Thanks for reply. It didn't helped. I have run history server again. Still facing same issue with index_hadoop task : 
...

Gian Merlino

unread,
Jul 31, 2014, 10:58:47 PM7/31/14
to druid-de...@googlegroups.com
What sort of storage properties have you set? From what you've said so far it sounds like you should at least have:

    druid.storage.type=hdfs
    druid.storage.storageDirectory=hdfs://localhost:9000/druid_segments_go_here/

If you don't already have something like that (especially the hdfs://localhost:9000/ part) then please try again after setting those.
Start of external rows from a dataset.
text \<open>Strong summability gives statistical convergence by a Markov-type count: in each
  block the number of indices at distance at least \<open>\<epsilon>\<close> is at most the p-th power sum
  divided by \<open>\<epsilon> powr p\<close>, and \<open>h\<^sub>r powr \<beta> \<le> h\<^sub>r powr \<gamma>\<close>.
  The inclusion is in fact strict for all \<open>0 < \<beta> \<le> \<gamma> \<le> 1\<close>. Embed the reals as crisp
  fuzzy numbers and take a sequence whose m-th differences vanish except at the block endpoints
  \<open>k\<^sub>r\<close>, where they equal \<open>2 (k\<^sub>r + 1) powr (1/p)\<close>. One exceptional index per block
  keeps the sequence statistically convergent to 0, while against any candidate limit that single
  term contributes at least \<open>k\<^sub>r + 1 \<ge> h\<^sub>r \<ge> h\<^sub>r powr \<beta>\<close> to the p-th power sum.\<close>

lemma card_ge_times_powr_le_sum_powr:
  fixes f :: "'a \<Rightarrow> real"
  assumes "finite I" "0 < \<epsilon>" "0 \<le> p"
  shows "real (card {k \<in> I. \<epsilon> \<le> f k}) * \<epsilon> powr p \<le> (\<Sum>k\<in>I. f k powr p)"
proof -
  have "real (card {k \<in> I. \<epsilon> \<le> f k}) * \<epsilon> powr p = (\<Sum>k\<in>{k \<in> I. \<epsilon> \<le> f k}. \<epsilon> powr p)"
    by simp
  also have "\<dots> \<le> (\<Sum>k\<in>{k \<in> I. \<epsilon> \<le> f k}. f k powr p)"
    using assms by (intro sum_mono powr_mono2) auto
  also have "\<dots> \<le> (\<Sum>k\<in>I. f k powr p)"
    using assms(1) by (intro sum_mono2) auto
  finally show ?thesis .
qed

lemma finite_Ir [simp]: "finite (Ir \<theta> r)"
  by (simp add: Ir_def)

lemma strong_conv_imp_stat_conv:
  assumes "\<beta> \<le> \<gamma>" "0 < p" "strong_conv \<beta> p \<theta> m X X0"
  shows "stat_conv \<gamma> \<theta> m X X0"
  unfolding stat_conv_def
proof (intro allI impI)
  fix \<epsilon> :: real
  assume "0 < \<epsilon>"
  define d where "d k = fdist (fdelta m X k) X0" for k
  define h where "h r = real (hr \<theta> r)" for r
  define S where "S r = (\<Sum>k\<in>Ir \<theta> r. d k powr p) / h r powr \<beta>" for r
  have "S \<longlonglongrightarrow> 0"
    using assms(3) unfolding strong_conv_def S_def[abs_def] d_def h_def .
  then have lim: "(\<lambda>r. S r / \<epsilon> powr p) \<longlonglongrightarrow> 0"
    by (rule tendsto_divide_zero)
  have bound: "real (card {k \<in> Ir \<theta> r. \<epsilon> \<le> d k}) / h r powr \<gamma> \<le> S r / \<epsilon> powr p" for r
  proof (cases "h r = 0")
    case True
    then show ?thesis by (simp add: S_def)
  next
    case False
    then have h_pos: "0 < h r powr \<beta>" and "1 \<le> h r"
      by (auto simp: h_def)
    have "h r powr \<beta> \<le> h r powr \<gamma>"
      using \<open>1 \<le> h r\<close> assms(1) by (simp add: powr_mono)
    then have "real (card {k \<in> Ir \<theta> r. \<epsilon> \<le> d k}) / h r powr \<gamma>
        \<le> real (card {k \<in> Ir \<theta> r. \<epsilon> \<le> d k}) / h r powr \<beta>"
      using h_pos by (intro divide_left_mono) auto
    also have "\<dots> \<le> (\<Sum>k\<in>Ir \<theta> r. d k powr p) / \<epsilon> powr p / h r powr \<beta>"
      using card_ge_times_powr_le_sum_powr[of "Ir \<theta> r" \<epsilon> p d] \<open>0 < \<epsilon>\<close> assms(2) h_pos
      by (intro divide_right_mono) (auto simp: field_simps)
    finally show ?thesis
      by (simp add: S_def field_simps)
  qed
  show "(\<lambda>r. real (card {k \<in> Ir \<theta> r. \<epsilon> \<le> fdist (fdelta m X k) X0}) / real (hr \<theta> r) powr \<gamma>)
      \<longlonglongrightarrow> 0"
    using bound by (intro tendsto_sandwich[OF _ _ tendsto_const lim]) (auto simp: d_def h_def)
qed

lemma N_theta_subset_S_theta:
  assumes "\<beta> \<le> \<gamma>" "0 < p"
  shows "N_theta \<beta> p \<theta> m \<subseteq> S_theta \<gamma> \<theta> m"
  using strong_conv_imp_stat_conv[OF assms] unfolding N_theta_def S_theta_def by blast

lemma level_subset_support: "level X \<alpha> \<subseteq> closure {t. X t > 0}"
  using closure_subset[of "{t. X t > 0}"] by (auto simp: level_def)

lemma mem_level: "X t = 1 \<Longrightarrow> \<alpha> \<le> 1 \<Longrightarrow> t \<in> level X \<alpha>"
  using closure_subset[of "{t. X t > 0}"] by (auto simp: level_def)

lemma fuzzy_number_lower_upper_bounded:
  assumes "fuzzy_number X"
  obtains B where "\<And>\<alpha>. \<alpha> \<le> 1 \<Longrightarrow> \<bar>lower X \<alpha>\<bar> \<le> B \<and> \<bar>upper X \<alpha>\<bar> \<le> B"
proof -
  have "bounded (closure {t. X t > 0})"
    using assms by (simp add: fuzzy_number_def compact_imp_bounded)
  then obtain B where B: "\<And>x. x \<in> closure {t. X t > 0} \<Longrightarrow> \<bar>x\<bar> \<le> B"
    unfolding bounded_real by blast
  obtain t where "X t = 1"
    using assms by (auto simp: fuzzy_number_def)
  have "\<bar>lower X \<alpha>\<bar> \<le> B \<and> \<bar>upper X \<alpha>\<bar> \<le> B" if "\<alpha> \<le> 1" for \<alpha>
  proof -
    have "level X \<alpha> \<noteq> {}"
      using mem_level[of X t \<alpha>] \<open>X t = 1\<close> that by blast
    moreover have "\<bar>x\<bar> \<le> B" if "x \<in> level X \<alpha>" for x
      using B level_subset_support that by blast
    ultimately show ?thesis
      unfolding lower_def upper_def by (intro conjI cInf_abs_ge cSup_abs_le)
  qed
  then show thesis
    by (rule that)
qed

lemma lower_dist_le_fdist:
  assumes "fuzzy_number X" "fuzzy_number Y" "\<alpha> \<in> {0..1}"
  shows "\<bar>lower X \<alpha> - lower Y \<alpha>\<bar> \<le> fdist X Y"
proof -
  obtain BX where BX: "\<And>\<alpha>. \<alpha> \<le> 1 \<Longrightarrow> \<bar>lower X \<alpha>\<bar> \<le> BX \<and> \<bar>upper X \<alpha>\<bar> \<le> BX"
    using fuzzy_number_lower_upper_bounded[OF assms(1)] by blast
  obtain BY where BY: "\<And>\<alpha>. \<alpha> \<le> 1 \<Longrightarrow> \<bar>lower Y \<alpha>\<bar> \<le> BY \<and> \<bar>upper Y \<alpha>\<bar> \<le> BY"
    using fuzzy_number_lower_upper_bounded[OF assms(2)] by blast
  define f where "f \<alpha> = max \<bar>lower X \<alpha> - lower Y \<alpha>\<bar> \<bar>upper X \<alpha> - upper Y \<alpha>\<bar>" for \<alpha>
  have "f \<alpha> \<le> BX + BY" if "\<alpha> \<in> {0..1}" for \<alpha>
    using BX[of \<alpha>] BY[of \<alpha>] that unfolding f_def by auto
  then have "bdd_above (f ` {0..1})"
    by (rule bdd_aboveI2)
  then have "f \<alpha> \<le> (SUP \<alpha>\<in>{0..1}. f \<alpha>)"
    using assms(3) by (rule cSUP_upper2) simp
  then show ?thesis
    by (simp add: fdist_def f_def)
qed

definition crisp :: "real \<Rightarrow> fuzzy" where
  "crisp a = (\<lambda>t. if t = a then 1 else 0)"

lemma usc_crisp: "usc (crisp a)"
  unfolding usc_def
proof (intro allI impI)
  fix t c
  assume c: "crisp a t < c"
  show "\<forall>\<^sub>F s in at t. crisp a s < c"
  proof (cases "t = a")
    case True
    then show ?thesis using c by (auto simp: crisp_def intro!: always_eventually)
  next
    case False
    have "\<forall>\<^sub>F s in at t. s \<noteq> a"
      by (rule eventually_neq_at_within)
    then show ?thesis
      by (rule eventually_mono) (use c False in \<open>auto simp: crisp_def\<close>)
  qed
qed

lemma fuzzy_number_crisp: "fuzzy_number (crisp a)"
proof -
  have convex: "min (crisp a x) (crisp a y) \<le> crisp a (l * x + (1 - l) * y)" for x y l
  proof (cases "x = a \<and> y = a")
    case True
    then have "l * x + (1 - l) * y = a" by (simp add: algebra_simps)
    then show ?thesis by (simp add: crisp_def)
  qed (auto simp: crisp_def)
  have support: "{t. crisp a t > 0} = {a}"
    by (auto simp: crisp_def)
  show ?thesis
    unfolding fuzzy_number_def support using convex usc_crisp
    by (auto simp: crisp_def)
qed

lemma level_crisp:
  assumes "0 \<le> \<alpha>" "\<alpha> \<le> 1"
  shows "level (crisp a) \<alpha> = {a}"
proof -
  have "{t. crisp a t > 0} = {a}" "0 < \<alpha> \<Longrightarrow> {t. crisp a t \<ge> \<alpha>} = {a}"
    using assms(2) by (auto simp: crisp_def)
  then show ?thesis
    by (simp add: level_def)
qed

lemma lower_crisp: "0 \<le> \<alpha> \<Longrightarrow> \<alpha> \<le> 1 \<Longrightarrow> lower (crisp a) \<alpha> = a"
  by (simp add: lower_def level_crisp)

lemma upper_crisp: "0 \<le> \<alpha> \<Longrightarrow> \<alpha> \<le> 1 \<Longrightarrow> upper (crisp a) \<alpha> = a"
  by (simp add: upper_def level_crisp)

lemma fdist_crisp: "fdist (crisp a) (crisp b) = \<bar>a - b\<bar>"
proof -
  have "fdist (crisp a) (crisp b) = (SUP x\<in>{0..(1::real)}. \<bar>a - b\<bar>)"
    unfolding fdist_def by (rule SUP_cong) (auto simp: lower_crisp upper_crisp)
  then show ?thesis by simp
qed

lemma fsub_crisp: "fsub (crisp a) (crisp b) = crisp (a - b)"
proof
  fix t
  let ?S = "{min (crisp a x) (crisp b y) | x y. x - y = t}"
  have le_1: "\<forall>s\<in>?S. s \<le> 1"
    by (auto simp: crisp_def)
  show "fsub (crisp a) (crisp b) t = crisp (a - b) t"
  proof (cases "t = a - b")
    case True
    have "min (crisp a a) (crisp b b) = 1"
      by (simp add: crisp_def)
    with True have "1 \<in> ?S"
      by (metis (mono_tags, lifting) mem_Collect_eq)
    then have "Sup ?S = 1"
      using le_1 by (intro cSup_eq_maximum) auto
    then show ?thesis
      using True by (simp add: fsub_def crisp_def)
  next
    case False
    have S_sub: "?S \<subseteq> {0}"
    proof
      fix s
      assume "s \<in> ?S"
      then obtain x y where s: "s = min (crisp a x) (crisp b y)" and "x - y = t"
        by blast
      with False have "x \<noteq> a \<or> y \<noteq> b"
        by auto
      then show "s \<in> {0}"
        by (auto simp: s crisp_def)
    qed
    have "min (crisp a (t + b)) (crisp b b) = 0" "(t + b) - b = t"
      using False by (auto simp: crisp_def)
    then have "0 \<in> ?S"
      by (metis (mono_tags, lifting) mem_Collect_eq)
    with S_sub have "?S = {0}"
      by blast
    then show ?thesis
      using False by (simp add: fsub_def crisp_def)
  qed
qed

fun rdelta :: "nat \<Rightarrow> (nat \<Rightarrow> real) \<Rightarrow> nat \<Rightarrow> real" where
  "rdelta 0 x k = x k"
| "rdelta (Suc m) x k = rdelta m x k - rdelta m x (Suc k)"

lemma fdelta_crisp: "fdelta m (\<lambda>k. crisp (x k)) k = crisp (rdelta m x k)"
  by (induction m arbitrary: k) (simp_all add: fsub_crisp)

definition antidiff :: "(nat \<Rightarrow> real) \<Rightarrow> nat \<Rightarrow> real" where
  "antidiff x k = - (\<Sum>j<k. x j)"

lemma rdelta_antidiff_iter: "rdelta m ((antidiff ^^ m) x) k = x k"
proof (induction m arbitrary: x k)
  case 0
  then show ?case by simp
next
  case (Suc m)
  have "(antidiff ^^ Suc m) x = (antidiff ^^ m) (antidiff x)"
    by (simp add: funpow_Suc_right del: funpow.simps)
  moreover have "antidiff x k - antidiff x (Suc k) = x k"
    by (simp add: antidiff_def)
  ultimately show ?case
    using Suc.IH[of "antidiff x"] by simp
qed

lemma fdelta_crisp_antidiff_iter:
  "fdelta m (\<lambda>k. crisp ((antidiff ^^ m) a k)) k = crisp (a k)"
  by (simp add: fdelta_crisp rdelta_antidiff_iter)

lemma Ir_inter_range_subset:
  assumes "strict_mono \<theta>"
  shows "Ir \<theta> r \<inter> range \<theta> \<subseteq> {\<theta> r}"
proof
  fix k
  assume "k \<in> Ir \<theta> r \<inter> range \<theta>"
  then obtain j where "k = \<theta> j" "\<theta> (r - 1) < \<theta> j" "\<theta> j \<le> \<theta> r"
    by (auto simp: Ir_def)
  with assms have "r - 1 < j" "j \<le> r"
    by (simp_all add: strict_mono_less strict_mono_less_eq)
  then have "j = r"
    by linarith
  with \<open>k = \<theta> j\<close> show "k \<in> {\<theta> r}"
    by simp
qed

lemma hr_tendsto_at_top:
  assumes "lacunary \<theta>"
  shows "filterlim (\<lambda>r. real (hr \<theta> r)) at_top sequentially"
proof -
  have "filterlim (hr \<theta>) at_top sequentially"
    using assms unfolding lacunary_def hr_def[abs_def] by simp
  from filterlim_compose[OF filterlim_real_sequentially this] show ?thesis
    by simp
qed

lemma stat_conv_crisp_supported_on_range:
  assumes "lacunary \<theta>" "0 < \<gamma>"
    and "\<And>k. a k \<noteq> 0 \<Longrightarrow> k \<in> range \<theta>"
    and "\<And>k. fdelta m X k = crisp (a k)"
  shows "stat_conv \<gamma> \<theta> m X (crisp 0)"
  unfolding stat_conv_def
proof (intro allI impI)
  fix \<epsilon> :: real
  assume "0 < \<epsilon>"
  define C where "C r = {k \<in> Ir \<theta> r. \<epsilon> \<le> fdist (fdelta m X k) (crisp 0)}" for r
  have lim: "(\<lambda>r. real (hr \<theta> r) powr - \<gamma>) \<longlonglongrightarrow> 0"
    using hr_tendsto_at_top[OF assms(1)] assms(2) by (intro tendsto_neg_powr) auto
  have "real (card (C r)) / real (hr \<theta> r) powr \<gamma> \<le> real (hr \<theta> r) powr - \<gamma>" for r
  proof -
    have "C r \<subseteq> Ir \<theta> r \<inter> range \<theta>"
      using assms(3,4) \<open>0 < \<epsilon>\<close> by (auto simp: C_def fdist_crisp)
    also have "\<dots> \<subseteq> {\<theta> r}"
      using assms(1) Ir_inter_range_subset by (simp add: lacunary_def)
    finally have "card (C r) \<le> card {\<theta> r}"
      by (rule card_mono[rotated]) simp
    then have "real (card (C r)) / real (hr \<theta> r) powr \<gamma> \<le> 1 / real (hr \<theta> r) powr \<gamma>"
      by (intro divide_right_mono) auto
    then show ?thesis
      by (simp add: powr_minus_divide)
  qed
  then have "(\<lambda>r. real (card (C r)) / real (hr \<theta> r) powr \<gamma>) \<longlonglongrightarrow> 0"
    by (intro tendsto_sandwich[OF _ _ tendsto_const lim] always_eventually allI) simp_all
  then show "(\<lambda>r. real (card {k \<in> Ir \<theta> r. \<epsilon> \<le> fdist (fdelta m X k) (crisp 0)})
      / real (hr \<theta> r) powr \<gamma>) \<longlonglongrightarrow> 0"
    by (simp add: C_def)
qed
Otherwise, you said intermediate files are generated on hdfs but the final segment is not. If you go into the hadoop web ui, do you see any of the failed jobs? Can you see which jobs are failing, and whether it's mapper or reducer tasks that fail? Can you pull logs for one of the failed tasks? There should be some exceptions in there that will help figure out what is going on.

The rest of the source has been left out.